### WHAT IS REQUIRED
Everything from the line with "(\<forall>i j. i" to the end of the data should be restated word for word, and nothing before it.

### EXERCISE MATERIALS
———
(* Let $\mathcal{C}$ be a permutation class. If there exists a partial multiplication matrix $M$ whose row-column graph is a cycle such that $\mathcal{C}$ contains $M$-coils of arbitrarily large length, then $\mathcal{C}$ is not labelled well quasi-ordered.
   Context: Permutations are identified with their plots; $\sigma\le\pi$ if $\pi$ has a subsequence order-isomorphic to $\sigma$; a permutation class is a containment-closed set. A gridding matrix has entries in $\{0,1,-1\}$; an $m\times n$ one has $m$ columns, $n$ rows, $M_{ij}$ in column $i$ from the left and row $j$ from the bottom. An $M$-gridding of a permutation $\pi$ of length $L$ is a choice of vertical lines $\tfrac12=v_0\le\dots\le v_m=L+\tfrac12$ and horizontal lines $\tfrac12=h_0\le\dots\le h_n=L+\tfrac12$, not through points of $\pi$, such that in each cell $C_{ij}=\{v_{i-1}<x<v_i,\ h_{j-1}<y<h_j\}$ the points of $\pi$ are absent if $M_{ij}=0$, increasing if $M_{ij}=1$, decreasing if $M_{ij}=-1$; this gives an $M$-gridded permutation $\pi^\#$. The row-column graph $G_M$ is the bipartite graph on $\{1,\dots,m\}\cup\{1',\dots,n'\}$ with edge $ij'$ iff $M_{ij}\neq 0$. $M$ is a partial multiplication matrix if there are fixed $c_1,\dots,c_m,r_1,\dots,r_n\in\{\pm1\}$ with $M_{ij}=c_ir_j$ for each non-zero entry. Column $i$ is oriented left-to-right if $c_i=1$, right-to-left otherwise; row $j$ bottom-to-top if $r_j=1$, top-to-bottom otherwise. The orientation digraph $D_{\pi^\#}$ has the points of $\pi^\#$ as vertices, with $x\to y$ whenever $x,y$ lie in a common column of cells and $x$ precedes $y$ in that column's orientation, or lie in a common row of cells and $x$ precedes $y$ in that row's orientation. Let $\ell$ be the length of the cycle $G_M$. A gridded $M$-coil is an $M$-gridded permutation of length $n>\ell$ with an ordering $v_1,\dots,v_n$ of its points and a labelling of the $\ell$ non-zero cells by $1,\dots,\ell$ such that (C1) $v_i$ lies in cell $i\bmod\ell$ (residues in $\{1,\dots,\ell\}$); (C2) $v_{i-1}\to v_i$ for $1<i\le n$; (C3) $v_i\to v_{i-\ell-1}$ for $\ell+1<i\le n$; (C4) $v_{\ell+1}\to v_1$. An $M$-coil is a permutation having an $M$-gridding which is a gridded $M$-coil; its length is its number of points. A quasi-order is wqo if every infinite sequence has $x_i\le x_j$ for some $i<j$. For a quasi-order $L$, an $L$-labelled permutation is a permutation with a map from its points to $L$; $(\sigma,\ell_\sigma)\le(\pi,\ell_\pi)$ if some embedding of $\sigma$ in $\pi$ maps each point to one whose label is $\ge$ its own. A set of permutations is labelled well quasi-ordered if its set of $L$-labelled elements is wqo for every wqo $L$. *)

theory Defs
  imports Main
begin

text \<open>A permutation of length L is a list of the values 0..L-1 without repetition.
  Point k (0-based position) has coordinates (k+1, pi!k+1).\<close>
definition is_perm :: "nat list \<Rightarrow> bool" where
  "is_perm p \<longleftrightarrow> distinct p \<and> set p = {0..<length p}"

definition embedding :: "nat list \<Rightarrow> nat list \<Rightarrow> (nat \<Rightarrow> nat) \<Rightarrow> bool" where
  "embedding s p f \<longleftrightarrow>
     (\<forall>i j. i < j \<and> j < length s \<longrightarrow> f i < f j) \<and>
     (\<forall>i < length s. f i < length p) \<and>
     (\<forall>i < length s. \<forall>j < length s. s!i < s!j \<longleftrightarrow> p!(f i) < p!(f j))"

definition contained :: "nat list \<Rightarrow> nat list \<Rightarrow> bool" where
  "contained s p \<longleftrightarrow> (\<exists>f. embedding s p f)"

definition perm_class :: "nat list set \<Rightarrow> bool" where
  "perm_class C \<longleftrightarrow> (\<forall>p\<in>C. is_perm p) \<and>
     (\<forall>p\<in>C. \<forall>s. is_perm s \<and> contained s p \<longrightarrow> s \<in> C)"

definition quasi_order_on_nat :: "(nat \<Rightarrow> nat \<Rightarrow> bool) \<Rightarrow> bool" where
  "quasi_order_on_nat le \<longleftrightarrow> (\<forall>x. le x x) \<and> (\<forall>x y z. le x y \<longrightarrow> le y z \<longrightarrow> le x z)"

definition good_on :: "'a set \<Rightarrow> ('a \<Rightarrow> 'a \<Rightarrow> bool) \<Rightarrow> bool" where
  "good_on A R \<longleftrightarrow> (\<forall>f :: nat \<Rightarrow> 'a. (\<forall>i. f i \<in> A) \<longrightarrow> (\<exists>i j. i < j \<and> R (f i) (f j)))"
———
### THE ANSWER
     (\<forall>i j. i < j \<and> j < length s \<longrightarrow> f i < f j) \<and>
     (\<forall>i < length s. f i < length p) \<and>
     (\<forall>i < length s. \<forall>j < length s. s!i < s!j \<longleftrightarrow> p!(f i) < p!(f j))"

definition contained :: "nat list \<Rightarrow> nat list \<Rightarrow> bool" where
  "contained s p \<longleftrightarrow> (\<exists>f. embedding s p f)"

definition perm_class :: "nat list set \<Rightarrow> bool" where
  "perm_class C \<longleftrightarrow> (\<forall>p\<in>C. is_perm p) \<and>
     (\<forall>p\<in>C. \<forall>s. is_perm s \<and> contained s p \<longrightarrow> s \<in> C)"

definition quasi_order_on_nat :: "(nat \<Rightarrow> nat \<Rightarrow> bool) \<Rightarrow> bool" where
  "quasi_order_on_nat le \<longleftrightarrow> (\<forall>x. le x x) \<and> (\<forall>x y z. le x y \<longrightarrow> le y z \<longrightarrow> le x z)"

definition good_on :: "'a set \<Rightarrow> ('a \<Rightarrow> 'a \<Rightarrow> bool) \<Rightarrow> bool" where
  "good_on A R \<longleftrightarrow> (\<forall>f :: nat \<Rightarrow> 'a. (\<forall>i. f i \<in> A) \<longrightarrow> (\<exists>i j. i < j \<and> R (f i) (f j)))"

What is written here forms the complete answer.